Data in this exercise ::
____________________
lemma sa1_edge_cond_sa1_assignment:
  assumes "1 \<le> k" and "finite (univ A)" and wf: "wf_struc sig ar X"
    and c: "c \<in> constraints sig X" and x: "x \<in> set (snd c)"
  shows "sa1_edge_cond A ar (edge_label x c) (sa1_assignment (univ A) p q (Inl x)) (sa1_assignment (univ A) p q (Inr c))"
proof -
  let ?G = "tuple_weight (univ A) (snd c) (q c)"
  have "?G h = 0" if "h \<notin> rels A (fst c)" for h
    using tuple_weight_constraint_support(1)[OF c that] .
  moreover have "?G h = 0" if "\<not> eq_on (fst (edge_label x c)) h" for h
    using tuple_weight_constraint_support(2)[OF c edge_label_subset eq_on_edge_label that] .
  moreover have "tuple_weight (univ A) [x] (p {x}) h' = (\<Sum>h\<in>{h \<in> tuples (univ A) (ar (fst c)). proj [i] h = h'}. ?G h)"
    if i: "i \<in> fst (edge_label x c)" for i h'
  proof -
    have i_lt: "set [i] \<subseteq> {..<length (snd c)}" using i edge_label_subset[of x c] by auto
    have "p {x} f = (\<Sum>g\<in>{g \<in> set (snd c) \<rightarrow>\<^sub>E univ A. restrict g (set (proj [i] (snd c))) = f}. q c g)"
      if "f \<in> set (proj [i] (snd c)) \<rightarrow>\<^sub>E univ A" for f
      using q_marginal[OF c, of "{x}" f] that x assms(1) by (simp add: proj_edge_label[OF i])
    then have "tuple_weight (univ A) (proj [i] (snd c)) (p {x}) h' =
        (\<Sum>h\<in>{h \<in> tuples (univ A) (length (snd c)). proj [i] h = h'}. ?G h)"
      by (rule tuple_weight_proj_marginal[OF assms(2) i_lt])
    then show ?thesis using proj_edge_label[OF i] wf_struc_constraintD(3)[OF wf c] by simp
  qed
  ultimately show ?thesis unfolding sa1_edge_cond_def sa1_assignment_def sum.case snd_edge_label by blast
qed

lemma fg_solution_sa1_assignment:
  assumes "1 \<le> k" and "finite (univ A)" and "wf_struc sig ar X"
  shows "fg_solution sig X (sa1_vertex_cond (univ A)) (sa1_edge_cond A ar) (sa1_assignment (univ A) p q)"
  using assms sa1_vertex_cond_sa1_assignment sa1_edge_cond_sa1_assignment by (simp add: fg_solution_def)

end

lemma sa1_edge_cond_marginal:
  assumes cond: "sa1_edge_cond A ar (edge_label x c) F G" and x: "x \<in> set (snd c)"
    and len: "length (snd c) = ar (fst c)" and finB: "finite (univ A)"
    and G0: "\<And>h. h \<in> tuples (univ A) (length (snd c)) \<Longrightarrow> \<not> consistent (snd c) h \<Longrightarrow> G h = 0"
    and f: "f \<in> {x} \<rightarrow>\<^sub>E univ A"
  shows "F [f x] = (\<Sum>g \<in> {g \<in> set (snd c) \<rightarrow>\<^sub>E univ A. restrict g {x} = f}. G (map g (snd c)))"
proof -
  obtain i where i: "i \<in> fst (edge_label x c)" using edge_label_nonempty[OF x] by blast
  have i_lt: "set [i] \<subseteq> {..<length (snd c)}" using i edge_label_subset[of x c] by auto
  have "F [f x] = (\<Sum>h\<in>{h \<in> tuples (univ A) (length (snd c)). proj [i] h = map f (proj [i] (snd c))}. G h)"
    using cond i len by (simp add: sa1_edge_cond_def proj_edge_label)
  also have "\<dots> = (\<Sum>g \<in> {g \<in> set (snd c) \<rightarrow>\<^sub>E univ A. restrict g (set (proj [i] (snd c))) = f}. G (map g (snd c)))"
    using f by (intro sum_proj_eq_sum_restrict[OF finB G0 i_lt]) (simp_all add: proj_edge_label[OF i])
  finally show ?thesis by (simp add: proj_edge_label[OF i])
qed

lemma singleton_if_card_le_1:
  assumes "finite V" "V \<noteq> {}" "card V \<le> 1"
  obtains x where "V = {x}"
proof -
  have "card V = 1" using assms by (simp add: le_antisym Suc_le_eq card_gt_0_iff)
  then show ?thesis using that by (auto simp: card_1_singleton_iff)
qed

context
  fixes sig :: "'r set" and ar :: "'r \<Rightarrow> nat" and X :: "('x, 'r) struc" and A :: "('a, 'r) struc"
    and P :: "'x + 'r \<times> 'x list \<Rightarrow> 'a list \<Rightarrow> rat"
  assumes wf: "wf_struc sig ar X"
    and sol: "fg_solution sig X (sa1_vertex_cond (univ A)) (sa1_edge_cond A ar) P"
begin

lemma sa1_elem_cond: "x \<in> univ X \<Longrightarrow> sa1_vertex_cond (univ A) True (P (Inl x))"
  using sol by (force simp: fg_solution_def fg_vertices_def)

lemma sa1_cons_cond: "c \<in> constraints sig X \<Longrightarrow> sa1_vertex_cond (univ A) False (P (Inr c))"
  using sol by (force simp: fg_solution_def fg_vertices_def)

lemma sa1_edge_cond_at:
  "c \<in> constraints sig X \<Longrightarrow> x \<in> set (snd c) \<Longrightarrow> sa1_edge_cond A ar (edge_label x c) (P (Inl x)) (P (Inr c))"
  using sol by (simp add: fg_solution_def)

lemma sa1_cons_inconsistent:
  assumes c: "c \<in> constraints sig X" and h: "h \<in> tuples (univ A) (length (snd c))" "\<not> consistent (snd c) h"
  shows "P (Inr c) h = 0"
proof -
  obtain x where "x \<in> set (snd c)" "\<not> eq_on (fst (edge_label x c)) h"
    using h by (auto simp: tuples_def elim: inconsistent_imp_not_eq_on_edge_label)
  then show ?thesis using sa1_edge_cond_at[OF c] by (simp add: sa1_edge_cond_def)
qed

lemma singleton_if_subset_univ:
  assumes "V \<subseteq> univ X" "V \<noteq> {}" "card V \<le> 1"
  shows "\<exists>x. V = {x} \<and> x \<in> univ X"
  using assms finite_subset[OF assms(1)] wf by (auto simp: wf_struc_def elim: singleton_if_card_le_1)

lemma SA_solution_1_if_fg_solution_sa1:
  assumes sig: "wf_sig sig ar" and finB: "finite (univ A)"
  shows "SA_solution sig 1 X A (\<lambda>V f. P (Inl (the_elem V)) [f (the_elem V)]) (\<lambda>c f. P (Inr c) (map f (snd c)))"
proof
  fix V f assume "V \<subseteq> univ X" "1 \<le> card V" "card V \<le> 1"
  then obtain x where "V = {x}" "x \<in> univ X" using singleton_if_subset_univ[of V] by fastforce
  then show "0 \<le> P (Inl (the_elem V)) [f (the_elem V)] \<and> P (Inl (the_elem V)) [f (the_elem V)] \<le> 1"
    using sa1_elem_cond by (simp add: sa1_vertex_cond_def)
next
  fix V assume "V \<subseteq> univ X" "1 \<le> card V" "card V \<le> 1"
  then obtain x where V: "V = {x}" "x \<in> univ X" using singleton_if_subset_univ[of V] by fastforce
  have "(\<Sum>f \<in> set [x] \<rightarrow>\<^sub>E univ A. P (Inl x) (map f [x])) = (\<Sum>h\<in>tuples (univ A) (length [x]). P (Inl x) h)"
    by (rule sum_tuples_eq_sum_PiE[OF finB, symmetric]) (auto simp: tuples_def consistent_def)
  then show "(\<Sum>f \<in> V \<rightarrow>\<^sub>E univ A. P (Inl (the_elem V)) [f (the_elem V)]) = 1"
    using sa1_elem_cond[OF V(2)] V(1) by (simp add: sa1_vertex_cond_def)
next
  fix U V f assume U: "U \<noteq> {}" "U \<subseteq> V" and V: "V \<subseteq> univ X" "card V \<le> 1" and f: "f \<in> U \<rightarrow>\<^sub>E univ A"
  obtain x where "V = {x}" using singleton_if_subset_univ[of V] U V by blast
  moreover from this have "U = {x}" using U by blast
  moreover from calculation have "{g \<in> V \<rightarrow>\<^sub>E univ A. restrict g U = f} = {f}"
    using f by (auto simp: PiE_restrict)
  ultimately show "P (Inl (the_elem U)) [f (the_elem U)]
      = (\<Sum>g \<in> {g \<in> V \<rightarrow>\<^sub>E univ A. restrict g U = f}. P (Inl (the_elem V)) [g (the_elem V)])"
    by simp
next
  fix c U f assume c: "c \<in> constraints sig X" and U: "U \<noteq> {}" "U \<subseteq> set (snd c)" "card U \<le> 1"
    and f: "f \<in> U \<rightarrow>\<^sub>E univ A"
  then obtain x where x: "U = {x}" "x \<in> set (snd c)"
    using singleton_if_subset_univ wf_struc_constraintD(4)[OF wf c] by (metis order_trans insert_subset)
  show "P (Inl (the_elem U)) [f (the_elem U)]
      = (\<Sum>g \<in> {g \<in> set (snd c) \<rightarrow>\<^sub>E univ A. restrict g U = f}. P (Inr c) (map g (snd c)))"
    using sa1_edge_cond_marginal[OF sa1_edge_cond_at[OF c x(2)] x(2) wf_struc_constraintD(3)[OF wf c] finB
        sa1_cons_inconsistent[OF c]] f x(1) by simp
next
  fix c f assume c: "c \<in> constraints sig X" and "map f (snd c) \<notin> rels A (fst c)"
  moreover obtain x where "x \<in> set (snd c)"
    using wf_struc_constraint_nonempty[OF sig wf c] by (cases "snd c") auto
  ultimately show "P (Inr c) (map f (snd c)) = 0"
    using sa1_edge_cond_at by (simp add: sa1_edge_cond_def)
qed (use sa1_cons_cond in \<open>simp add: sa1_vertex_cond_def\<close>)

end

section \<open>The structure \<open>X\<^sup>*\<^sup>k\<close>\<close>

lemma ksig_simps:
  "TS j S \<in> ksig sig ar k \<longleftrightarrow> 1 \<le> j \<and> j \<le> k \<and> S \<subseteq> {..<j}"
  "RS R S \<in> ksig sig ar k \<longleftrightarrow> R \<in> sig \<and> S \<subseteq> {..<ar R}"
  "Ti j i \<in> ksig sig ar k \<longleftrightarrow> 1 \<le> j \<and> j \<le> k \<and> 1 \<le> length i \<and> length i \<le> k \<and> set i \<subseteq> {..<j}"
  "Ri R i \<in> ksig sig ar k \<longleftrightarrow> R \<in> sig \<and> 1 \<le> length i \<and> length i \<le> k \<and> set i \<subseteq> {..<ar R}"
  by (auto simp: ksig_def)

lemma constraints_kpow_iff:
  "(S, l) \<in> constraints (ksig sig ar k) (kpow sig k X) \<longleftrightarrow> S \<in> ksig sig ar k \<and> l \<in> kpow_rels X S"
  by (simp add: constraints_def kpow_def)

lemma Inl_in_univ_kpow: "a \<in> tuples (univ X) j \<Longrightarrow> 1 \<le> j \<Longrightarrow> j \<le> k \<Longrightarrow> Inl a \<in> univ (kpow sig k X)"
  unfolding kpow_def struc.simps by (intro UnI1 imageI UN_I[of j]) auto

lemma Inr_in_univ_kpow: "c \<in> constraints sig X \<Longrightarrow> Inr c \<in> univ (kpow sig k X)"
  by (simp add: kpow_def)

lemma finite_ksig:
  assumes "finite sig"
  shows "finite (ksig sig ar k)"
proof (rule finite_subset)
  let ?L = "\<lambda>n. {i :: nat list. set i \<subseteq> {..<n} \<and> length i \<le> k}"
  show "ksig sig ar k \<subseteq> case_prod TS ` ({..k} \<times> Pow {..<k}) \<union> (\<Union>R\<in>sig. RS R ` Pow {..<ar R})
      \<union> case_prod Ti ` ({..k} \<times> ?L k) \<union> (\<Union>R\<in>sig. Ri R ` ?L (ar R))"
  proof
    fix s assume "s \<in> ksig sig ar k"
    then show "s \<in> case_prod TS ` ({..k} \<times> Pow {..<k}) \<union> (\<Union>R\<in>sig. RS R ` Pow {..<ar R})
      \<union> case_prod Ti ` ({..k} \<times> ?L k) \<union> (\<Union>R\<in>sig. Ri R ` ?L (ar R))"
      by (cases s) (auto simp: ksig_simps image_iff intro!: bexI[where x = "(x, y)" for x y])
  qed
  show "finite (case_prod TS ` ({..k} \<times> Pow {..<k}) \<union> (\<Union>R\<in>sig. RS R ` Pow {..<ar R})
      \<union> case_prod Ti ` ({..k} \<times> ?L k) \<union> (\<Union>R\<in>sig. Ri R ` ?L (ar R)))"
    using assms finite_lists_length_le[OF finite_lessThan, of _ k] by simp
qed

lemma kpow_rels_subset_univ:
  assumes wf: "wf_struc sig ar X" and S: "S \<in> ksig sig ar k" and l: "l \<in> kpow_rels X S"
  shows "l \<noteq> [] \<and> length l \<le> 2 \<and> set l \<subseteq> univ (kpow sig k X)"
proof (cases S)
  case (TS j S')
  then show ?thesis using S l Inl_in_univ_kpow[of _ X j k sig] by (auto simp: ksig_simps)
next
  case (RS R S')
  then show ?thesis using S l Inr_in_univ_kpow[of "(R, a)" sig X k for a] by (auto simp: ksig_simps constraints_def)
next
  case (Ti j i)
  then obtain a where a: "l = [Inl a, Inl (proj i a)]" "a \<in> tuples (univ X) j" using l by auto
  have "proj i a \<in> tuples (univ X) (length i)" using a(2) S Ti by (intro proj_in_tuples) (auto simp: ksig_simps)
  then show ?thesis using a S Ti by (auto simp: ksig_simps intro: Inl_in_univ_kpow)
next
  case (Ri R i)
  then obtain a where a: "l = [Inr (R, a), Inl (proj i a)]" "a \<in> rels X R" using l by auto
  have R: "R \<in> sig" "1 \<le> length i" "length i \<le> k" "set i \<subseteq> {..<ar R}" using S Ri by (simp_all add: ksig_simps)
  have "a \<in> tuples (univ X) (ar R)" using wf R(1) a(2) by (auto simp: wf_struc_def tuples_def)
  then have "Inl (proj i a) \<in> univ (kpow sig k X)"
    using Inl_in_univ_kpow[OF proj_in_tuples R(2,3)] R(4) by blast
  moreover have "Inr (R, a) \<in> univ (kpow sig k X)" using R(1) a(2) by (intro Inr_in_univ_kpow) (simp add: constraints_def)
  ultimately show ?thesis using a(1) by simp
qed
lemma B_equiv_B_up_B_down:
  assumes link: "oriented_link_nbhd L n \<phi>"
    and a: "a \<in> B_L n \<phi> z0 z1" and b: "b \<in> B_L n \<phi> z0 z1"
    and c: "c \<in> B_L n \<phi> z0 z1" and d: "d \<in> B_L n \<phi> z0 z1"
    and ac: "B_equiv n \<phi> z0 z1 a c" and bd: "B_equiv n \<phi> z0 z1 b d"
  shows "B_equiv n \<phi> z0 z1 (B_up n \<phi> a b) (B_up n \<phi> c d)"
    and "B_equiv n \<phi> z0 z1 (B_down n \<phi> a b) (B_down n \<phi> c d)"
proof -
  obtain P0 P1 where P: "path_family_in (link_exterior n \<phi>) P0" "path_family_in (link_exterior n \<phi>) P1"
    "\<forall>s\<in>{0..1}. P0 0 s = fst a s \<and> P1 0 s = snd a s" "\<forall>s\<in>{0..1}. P0 1 s = fst c s \<and> P1 1 s = snd c s"
    "\<forall>t\<in>{0..1}. P0 t 0 \<in> nbhd_bdry n \<phi> \<and> P1 t 0 = P0 t 0 \<and> P0 t 1 = z0 \<and> P1 t 1 = z1"
    using B_equivE_path_families[OF a c ac] .
  obtain Q0 Q1 where Q: "path_family_in (link_exterior n \<phi>) Q0" "path_family_in (link_exterior n \<phi>) Q1"
    "\<forall>s\<in>{0..1}. Q0 0 s = fst b s \<and> Q1 0 s = snd b s" "\<forall>s\<in>{0..1}. Q0 1 s = fst d s \<and> Q1 1 s = snd d s"
    "\<forall>t\<in>{0..1}. Q0 t 0 \<in> nbhd_bdry n \<phi> \<and> Q1 t 0 = Q0 t 0 \<and> Q0 t 1 = z0 \<and> Q1 t 1 = z1"
    using B_equivE_path_families[OF b d bd] .
  show "B_equiv n \<phi> z0 z1 (B_up n \<phi> a b) (B_up n \<phi> c d)"
    unfolding B_up_eq
  proof (rule B_equivI_path_families[OF path_family_in_meridian_conj[OF link P(1) Q(1)] P(2)])
    show "\<forall>s\<in>{0..1}. meridian_conj n \<phi> (P0 0) (Q0 0) s = fst (meridian_conj n \<phi> (fst a) (fst b), snd a) s
        \<and> P1 0 s = snd (meridian_conj n \<phi> (fst a) (fst b), snd a) s"
      using meridian_conj_cong[of "P0 0" "fst a" "Q0 0" "fst b"] P(3) Q(3) by simp
    show "\<forall>s\<in>{0..1}. meridian_conj n \<phi> (P0 1) (Q0 1) s = fst (meridian_conj n \<phi> (fst c) (fst d), snd c) s
        \<and> P1 1 s = snd (meridian_conj n \<phi> (fst c) (fst d), snd c) s"
      using meridian_conj_cong[of "P0 1" "fst c" "Q0 1" "fst d"] P(4) Q(4) by simp
  qed (use P(5) Q(5) in auto)
  show "B_equiv n \<phi> z0 z1 (B_down n \<phi> a b) (B_down n \<phi> c d)"
    unfolding B_down_eq
  proof (rule B_equivI_path_families[OF P(1) path_family_in_meridian_conj[OF link P(2) Q(2)]])
    show "\<forall>s\<in>{0..1}. P0 0 s = fst (fst a, meridian_conj n \<phi> (snd a) (snd b)) s
        \<and> meridian_conj n \<phi> (P1 0) (Q1 0) s = snd (fst a, meridian_conj n \<phi> (snd a) (snd b)) s"
      using meridian_conj_cong[of "P1 0" "snd a" "Q1 0" "snd b"] P(3) Q(3) by simp
    show "\<forall>s\<in>{0..1}. P0 1 s = fst (fst c, meridian_conj n \<phi> (snd c) (snd d)) s
        \<and> meridian_conj n \<phi> (P1 1) (Q1 1) s = snd (fst c, meridian_conj n \<phi> (snd c) (snd d)) s"
      using meridian_conj_cong[of "P1 1" "snd c" "Q1 1" "snd d"] P(4) Q(4) by simp
  qed (use P(5) Q(5) in auto)
qed

theorem mainTheorem4:
  fixes L :: "(complex \<times> complex) set" and n :: nat
    and \<phi> :: "nat \<Rightarrow> complex \<times> complex \<Rightarrow> complex \<times> complex"
    and \<beta> :: "real^3 \<Rightarrow> complex \<times> complex" and u :: "real^3"
    and z0 z1 :: "complex \<times> complex"
    and a b c d :: "(real \<Rightarrow> complex \<times> complex) \<times> (real \<Rightarrow> complex \<times> complex)"
  assumes link: "oriented_link_nbhd L n \<phi>"
    and ball_cont: "continuous_on (cball 0 1) \<beta>"
    and ball_inj: "inj_on \<beta> (cball 0 1)"
    and ball_S3: "\<beta> ` cball 0 1 \<subseteq> S3"
    and N_in_ball: "nbhd n \<phi> \<subseteq> \<beta> ` ball 0 1"
    and u: "norm u = 1"
    and z0: "z0 = \<beta> u"
    and z1: "z1 = \<beta> (- u)"
    and a: "a \<in> B_L n \<phi> z0 z1" and b: "b \<in> B_L n \<phi> z0 z1"
    and c: "c \<in> B_L n \<phi> z0 z1" and d: "d \<in> B_L n \<phi> z0 z1"
    and ac: "B_equiv n \<phi> z0 z1 a c"
    and bd: "B_equiv n \<phi> z0 z1 b d"
  shows "B_up n \<phi> a b \<in> B_L n \<phi> z0 z1 \<and> B_down n \<phi> a b \<in> B_L n \<phi> z0 z1 \<and>
         B_equiv n \<phi> z0 z1 (B_up n \<phi> a b) (B_up n \<phi> c d) \<and>
         B_equiv n \<phi> z0 z1 (B_down n \<phi> a b) (B_down n \<phi> c d)"
  using B_up_in_B_L[OF link a b] B_down_in_B_L[OF link a b] B_equiv_B_up_B_down[OF link a b c d ac bd]
  by blast

end
lemma sum_comp_div_eq_sum_fibre_size:
  fixes g :: "nat \<Rightarrow> real"
  shows "(\<Sum>n=1..N. g (N div n)) = (\<Sum>m=1..N. g m * div_fibre_size N m)"
proof -
  have "(\<Sum>n=1..N. g (N div n))
      = (\<Sum>m=1..N. \<Sum>n\<in>{n \<in> {1..N}. N div n = m}. g (N div n))"
    by (rule sum.group[symmetric]) (auto simp: Suc_le_eq div_greater_zero_iff)
  also have "\<dots> = (\<Sum>m=1..N. g m * div_fibre_size N m)"
  proof (rule sum.cong)
    fix m assume "m \<in> {1..N}"
    then have "1 \<le> m" by simp
    have "(\<Sum>n\<in>{n \<in> {1..N}. N div n = m}. g (N div n)) = (\<Sum>n\<in>{n \<in> {1..N}. N div n = m}. g m)"
      by (rule sum.cong) auto
    also have "\<dots> = g m * div_fibre_size N m"
      unfolding div_fibre_eq[OF \<open>1 \<le> m\<close>]
      using div_le_mono2[of m "Suc m" N] \<open>1 \<le> m\<close> by (simp add: div_fibre_size_def)
    finally show "(\<Sum>n\<in>{n \<in> {1..N}. N div n = m}. g (N div n)) = g m * div_fibre_size N m" .
  qed simp
  finally show ?thesis .
qed

lemma div_fibre_size_approx:
  assumes "1 \<le> m"
  shows "\<bar>div_fibre_size N m - real N / (real m * real (m + 1))\<bar> \<le> 1"
proof -
  have "real N / (real m * real (m + 1)) = real N / real m - real N / real (Suc m)"
    using assms by (simp add: field_simps)
  then show ?thesis
    unfolding div_fibre_size_def
    using real_of_nat_div_bounds[of N m] real_of_nat_div_bounds[of N "Suc m"] by linarith
qed

lemma sum_div_fibre_size_upper:
  assumes "K \<le> N"
  shows "(\<Sum>m=Suc K..N. div_fibre_size N m) = real (N div Suc K)"
proof -
  have "(\<Sum>m=Suc K..N. div_fibre_size N m)
      = (\<Sum>m=Suc K..N. (\<lambda>i. - real (N div i)) (Suc m) - (\<lambda>i. - real (N div i)) m)"
    unfolding div_fibre_size_def by simp
  also have "\<dots> = real (N div Suc K)"
    using assms by (subst sum_Suc_diff) auto
  finally show ?thesis .
qed

locale log_bounded_coeffs =
  fixes f :: "nat \<Rightarrow> real"
  assumes nonneg: "0 \<le> f m"
    and le_ln: "f m \<le> 2 * ln (real m + 1)"
begin

definition weight :: "nat \<Rightarrow> real" where
  "weight m = f m / (real m * real (m + 1))"

definition density :: real where
  "density = (\<Sum>n. weight (Suc n))"

lemma weight_nonneg: "0 \<le> weight m"
  by (simp add: weight_def nonneg)

lemma le_ln_of_le: "m \<le> N \<Longrightarrow> f m \<le> 2 * ln (real N + 1)"
proof -
  assume "m \<le> N"
  then have "ln (real m + 1) \<le> ln (real N + 1)" by simp
  with le_ln[of m] show ?thesis by linarith
qed

lemma weight_le_log_tail_diff: "1 \<le> m \<Longrightarrow> weight m \<le> log_tail m - log_tail (Suc m)"
proof -
  assume "1 \<le> m"
  have "weight m \<le> 2 * ln (real m + 1) / (real m * (real m + 1))"
    unfolding weight_def of_nat_add of_nat_1
    by (rule divide_right_mono[OF le_ln]) simp
  also have "\<dots> \<le> log_tail m - log_tail (Suc m)"
    using \<open>1 \<le> m\<close> by (rule log_weight_le_log_tail_diff)
  finally show ?thesis .
qed

lemma sum_weight_le_log_tail:
  "(\<Sum>n<M. weight (Suc (n + K))) \<le> log_tail (Suc K) - log_tail (Suc (M + K))"
proof (induction M)
  case (Suc M)
  then show ?case using weight_le_log_tail_diff[of "Suc (M + K)"] by simp
qed simp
____________________
Exercise objective :: The reply should hold only the lines of the listing above starting at the line containing "qed (use sa1_cons_cond" and ending at the line containing "nat list. set", exactly as written.

Your response ::
qed (use sa1_cons_cond in \<open>simp add: sa1_vertex_cond_def\<close>)

end

section \<open>The structure \<open>X\<^sup>*\<^sup>k\<close>\<close>

lemma ksig_simps:
  "TS j S \<in> ksig sig ar k \<longleftrightarrow> 1 \<le> j \<and> j \<le> k \<and> S \<subseteq> {..<j}"
  "RS R S \<in> ksig sig ar k \<longleftrightarrow> R \<in> sig \<and> S \<subseteq> {..<ar R}"
  "Ti j i \<in> ksig sig ar k \<longleftrightarrow> 1 \<le> j \<and> j \<le> k \<and> 1 \<le> length i \<and> length i \<le> k \<and> set i \<subseteq> {..<j}"
  "Ri R i \<in> ksig sig ar k \<longleftrightarrow> R \<in> sig \<and> 1 \<le> length i \<and> length i \<le> k \<and> set i \<subseteq> {..<ar R}"
  by (auto simp: ksig_def)

lemma constraints_kpow_iff:
  "(S, l) \<in> constraints (ksig sig ar k) (kpow sig k X) \<longleftrightarrow> S \<in> ksig sig ar k \<and> l \<in> kpow_rels X S"
  by (simp add: constraints_def kpow_def)

lemma Inl_in_univ_kpow: "a \<in> tuples (univ X) j \<Longrightarrow> 1 \<le> j \<Longrightarrow> j \<le> k \<Longrightarrow> Inl a \<in> univ (kpow sig k X)"
  unfolding kpow_def struc.simps by (intro UnI1 imageI UN_I[of j]) auto

lemma Inr_in_univ_kpow: "c \<in> constraints sig X \<Longrightarrow> Inr c \<in> univ (kpow sig k X)"
  by (simp add: kpow_def)

lemma finite_ksig:
  assumes "finite sig"
  shows "finite (ksig sig ar k)"
proof (rule finite_subset)
  let ?L = "\<lambda>n. {i :: nat list. set i \<subseteq> {..<n} \<and> length i \<le> k}"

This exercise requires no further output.